In [78]:
import numpy as np

class LogisticRegressionSGD:

    def __init__(self, learning_rate = 0.01, batch_size = 10, max_iterations = 1000):
        self.learning_rate = learning_rate
        self.batch_size = batch_size
        self.max_iterations = max_iterations
        self.weights = None

    def sigmoid(self, z):
        return 1 / (1 + np.exp(-z))

    def error_function(self, y, t):
        return -np.mean(t * np.log(y + 1e-9) + (1 - t) * np.log(1 - y + 1e-9))

    def train(self, X, t):
        N, d = X.shape
        self.weights = np.random.randn(d) * 0.01

        for j in range(self.max_iterations):
            indices = np.random.permutation(N)
            X_random, t_random = X[indices], t[indices]

            for i in range(0, N, self.batch_size):
                X_batch = X_random[i:i + self.batch_size]
                t_batch = t_random[i:i + self.batch_size]

                y_batch = self.sigmoid(X_batch @ self.weights).reshape(-1)
                t_batch = t_batch.reshape(-1)

                gradient = X_batch.T @ (y_batch - t_batch) / len(t_batch)

                self.weights -= self.learning_rate * gradient

            y_pred_train = self.sigmoid(X @ self.weights)
            y_pred_train = y_pred_train[: len(t)]  
            
            loss = self.error_function(y_pred_train, t)

    def predict_probability(self, X):
        return self.sigmoid(X @ self.weights)

    def predict(self, X):
        return (self.predict_probability(X) >= 0.5).astype(int)
        


In [79]:
from sklearn.datasets import load_breast_cancer
from sklearn.model_selection import train_test_split
from sklearn.preprocessing import StandardScaler
from sklearn.metrics import accuracy_score, precision_score, recall_score, f1_score

In [80]:
data = load_breast_cancer()
X, y = data.data, data.target

X_train, X_temp, y_train, y_temp = train_test_split(X, y, test_size = 0.3, random_state = 42, stratify = y)
X_val, X_test, y_val, y_test = train_test_split(X_temp, y_temp, test_size = 0.5, random_state = 42, stratify = y_temp)

scaler = StandardScaler()
X_train = scaler.fit_transform(X_train)
X_val = scaler.transform(X_val)
X_test = scaler.transform(X_test)

unique, counts = np.unique(np.concatenate((y_train, y_val)), return_counts=True)
class_size = dict(zip(unique, counts))
class_size


{0: 180, 1: 303}

In [81]:
model = LogisticRegressionSGD(learning_rate = 0.1, batch_size = 20, max_iterations = 1000)
model.train(X_train, y_train)

y_pred = model.predict(X_test)

accuracy = accuracy_score(y_test, y_pred)
precision = precision_score(y_test, y_pred)
recall = recall_score(y_test, y_pred)
f1 = f1_score(y_test, y_pred)

accuracy, precision, recall, f1

(0.9767441860465116, 0.9642857142857143, 1.0, 0.9818181818181818)

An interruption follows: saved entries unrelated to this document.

lemma prob_cylinder_Int_count:
  assumes C: "C \<in> count_cylinders" and Z: "Z \<in> sets borel" "emeasure lborel Z < \<infinity>"
  shows "prob ({\<omega> \<in> space M. PP \<omega> - Z \<in> C} \<inter> {\<omega> \<in> space M. card (PP \<omega> \<inter> Z) \<in> K})
       = prob {\<omega> \<in> space M. PP \<omega> - Z \<in> C} * prob {\<omega> \<in> space M. card (PP \<omega> \<inter> Z) \<in> K}"
proof -
  obtain n :: nat and cell :: "nat \<Rightarrow> 'a set" and R :: "(nat \<Rightarrow> nat) set" where
    cell: "\<And>i. i < n \<Longrightarrow> cell i \<in> sets borel \<and> emeasure lborel (cell i) < \<infinity> \<and> cell i \<inter> Z = {}"
    and disj: "disjoint_family_on cell {..<n}" and R: "R \<in> sets (PiM {..<n} (\<lambda>_. count_space UNIV))"
    and AE_C: "AE \<omega> in M. PP \<omega> - Z \<in> C \<longleftrightarrow> (\<lambda>i\<in>{..<n}. card (PP \<omega> \<inter> cell i)) \<in> R"
    using cylinder_event_AE_cell_counts[OF C Z(1)] by blast
  define cell' where "cell' i = (if i < n then cell i else Z)" for i
  define counts where "counts I \<omega> = (\<lambda>i\<in>I. card (PP \<omega> \<inter> cell' i))" for I \<omega>
  have "disjoint_family_on cell' {..n}"
    using disj cell unfolding disjoint_family_on_def cell'_def by (auto simp: Int_commute)
  moreover have "cell' i \<in> sets borel \<and> emeasure lborel (cell' i) < \<infinity>" for i
    using cell Z by (auto simp: cell'_def)
  ultimately have "indep_vars (\<lambda>_. count_space UNIV) (\<lambda>i \<omega>. card (PP \<omega> \<inter> cell' i)) {..n}"
    by (intro indep_counts) auto
  then have indep: "indep_var (PiM {..<n} (\<lambda>_. count_space UNIV)) (counts {..<n})
      (PiM {n} (\<lambda>_. count_space UNIV)) (counts {n})"
    unfolding counts_def by (rule indep_var_restrict) auto
  define R' where "R' = {f \<in> space (PiM {n} (\<lambda>_. count_space UNIV)). f n \<in> K}"
  have R': "R' \<in> sets (PiM {n} (\<lambda>_. count_space UNIV))"
    unfolding R'_def by measurable
  let ?C = "{\<omega> \<in> space M. PP \<omega> - Z \<in> C}" and ?K = "{\<omega> \<in> space M. card (PP \<omega> \<inter> Z) \<in> K}"
  let ?R = "counts {..<n} -` R \<inter> space M"
  have "counts {..<n} \<omega> = (\<lambda>i\<in>{..<n}. card (PP \<omega> \<inter> cell i))" for \<omega>
    unfolding counts_def cell'_def by (auto simp: fun_eq_iff)
  then have AE_R: "AE \<omega> in M. \<omega> \<in> ?C \<longleftrightarrow> \<omega> \<in> ?R"
    using AE_C by auto
  have K_eq: "?K = counts {n} -` R' \<inter> space M"
    unfolding R'_def counts_def cell'_def by (auto simp: space_PiM)
  have C_sets: "C \<in> sets cylinder_config_space"
    using C unfolding sets_cylinder_config_space by (rule sigma_sets.Basic)
  have events: "?C \<in> events" "?K \<in> events" "?R \<in> events"
    using measurable_sets[OF measurable_Diff[OF Z(1)] C_sets] count_event[OF Z(1)]
      measurable_sets[OF indep_var_rv1[OF indep] R]
    by (simp_all add: vimage_def Int_def conj_commute)
  have "prob (?C \<inter> ?K) = prob (?R \<inter> ?K)"
    using AE_R events by (intro measure_eq_AE) auto
  also have "?R \<inter> ?K = (\<lambda>\<omega>. (counts {..<n} \<omega>, counts {n} \<omega>)) -` (R \<times> R') \<inter> space M"
    unfolding K_eq by auto
  also have "prob \<dots> = prob ?R * prob (counts {n} -` R' \<inter> space M)"
    by (rule indep_varD[OF indep R R'])
  also have "prob ?R = prob ?C"
    using AE_R events by (intro measure_eq_AE) auto
  finally show ?thesis
    unfolding K_eq .
qed

lemma indep_set_Diff_count:
  assumes Z: "Z \<in> sets borel" "emeasure lborel Z < \<infinity>"
  shows "indep_set
    (sigma_sets (space M) {(\<lambda>\<omega>. PP \<omega> - Z) -` A \<inter> space M | A. A \<in> sets cylinder_config_space})
    (sigma_sets (space M) {(\<lambda>\<omega>. card (PP \<omega> \<inter> Z)) -` A \<inter> space M | A. A \<in> sets (count_space UNIV)})"
proof -
  define Y where "Y = (\<lambda>\<omega>. PP \<omega> - Z)"
  define N where "N = (\<lambda>\<omega>. card (PP \<omega> \<inter> Z))"
  define G where "G = {Y -` C \<inter> space M | C. C \<in> count_cylinders}"
  define H where "H = {N -` K \<inter> space M | K. K \<in> sets (count_space UNIV)}"
  have Y: "Y \<in> measurable M cylinder_config_space"
    unfolding Y_def using measurable_Diff[OF Z(1)] .
  have N: "N \<in> measurable M (count_space UNIV)"
    unfolding N_def using measurable_count[OF Z(1)] .
  have "indep_set G H"
    unfolding indep_sets2_eq
  proof (intro conjI ballI)
    show "G \<subseteq> events"
      using measurable_sets[OF Y] unfolding G_def sets_cylinder_config_space by (blast intro: sigma_sets.Basic)
    show "H \<subseteq> events"
      using measurable_sets[OF N] unfolding H_def by blast
    fix a b assume "a \<in> G" "b \<in> H"
    then obtain C K where "C \<in> count_cylinders"
        "a = {\<omega> \<in> space M. PP \<omega> - Z \<in> C}" "b = {\<omega> \<in> space M. card (PP \<omega> \<inter> Z) \<in> K}"
      unfolding G_def H_def Y_def N_def by blast
    then show "prob (a \<inter> b) = prob a * prob b"
      using prob_cylinder_Int_count Z by simp
  qed
  moreover have "Int_stable G"
    unfolding G_def by (rule Int_stable_vimage[OF Int_stable_count_cylinders])
  moreover have "Int_stable H"
    unfolding H_def by (rule Int_stable_vimage) (simp add: Int_stable_def)
  ultimately have "indep_set (sigma_sets (space M) G) (sigma_sets (space M) H)"
    by (rule indep_set_sigma_sets)
  moreover have "{Y -` A \<inter> space M | A. A \<in> sets cylinder_config_space} = sigma_sets (space M) G"
    unfolding G_def sets_cylinder_config_space
    by (rule sigma_sets_vimage_commute) (use measurable_space[OF Y] in auto)
  then have "sigma_sets (space M) {Y -` A \<inter> space M | A. A \<in> sets cylinder_config_space}
      = sigma_sets (space M) G"
    using sigma_sets_sigma_sets_eq[of G "space M"] unfolding G_def by auto
  ultimately show ?thesis
    unfolding Y_def N_def H_def by simp
qed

The model correctly classified 97.7% of the test data.
96.4% of the time, the model correctly classified the benign cases as benign. Sometimes it misclassified the benign cases as bad.
There were zero false negatives, the model successfully identified all tumors.
The F1 score was 98.18% which means that the model was highly reliable for classification and it performed very well in precision and recall.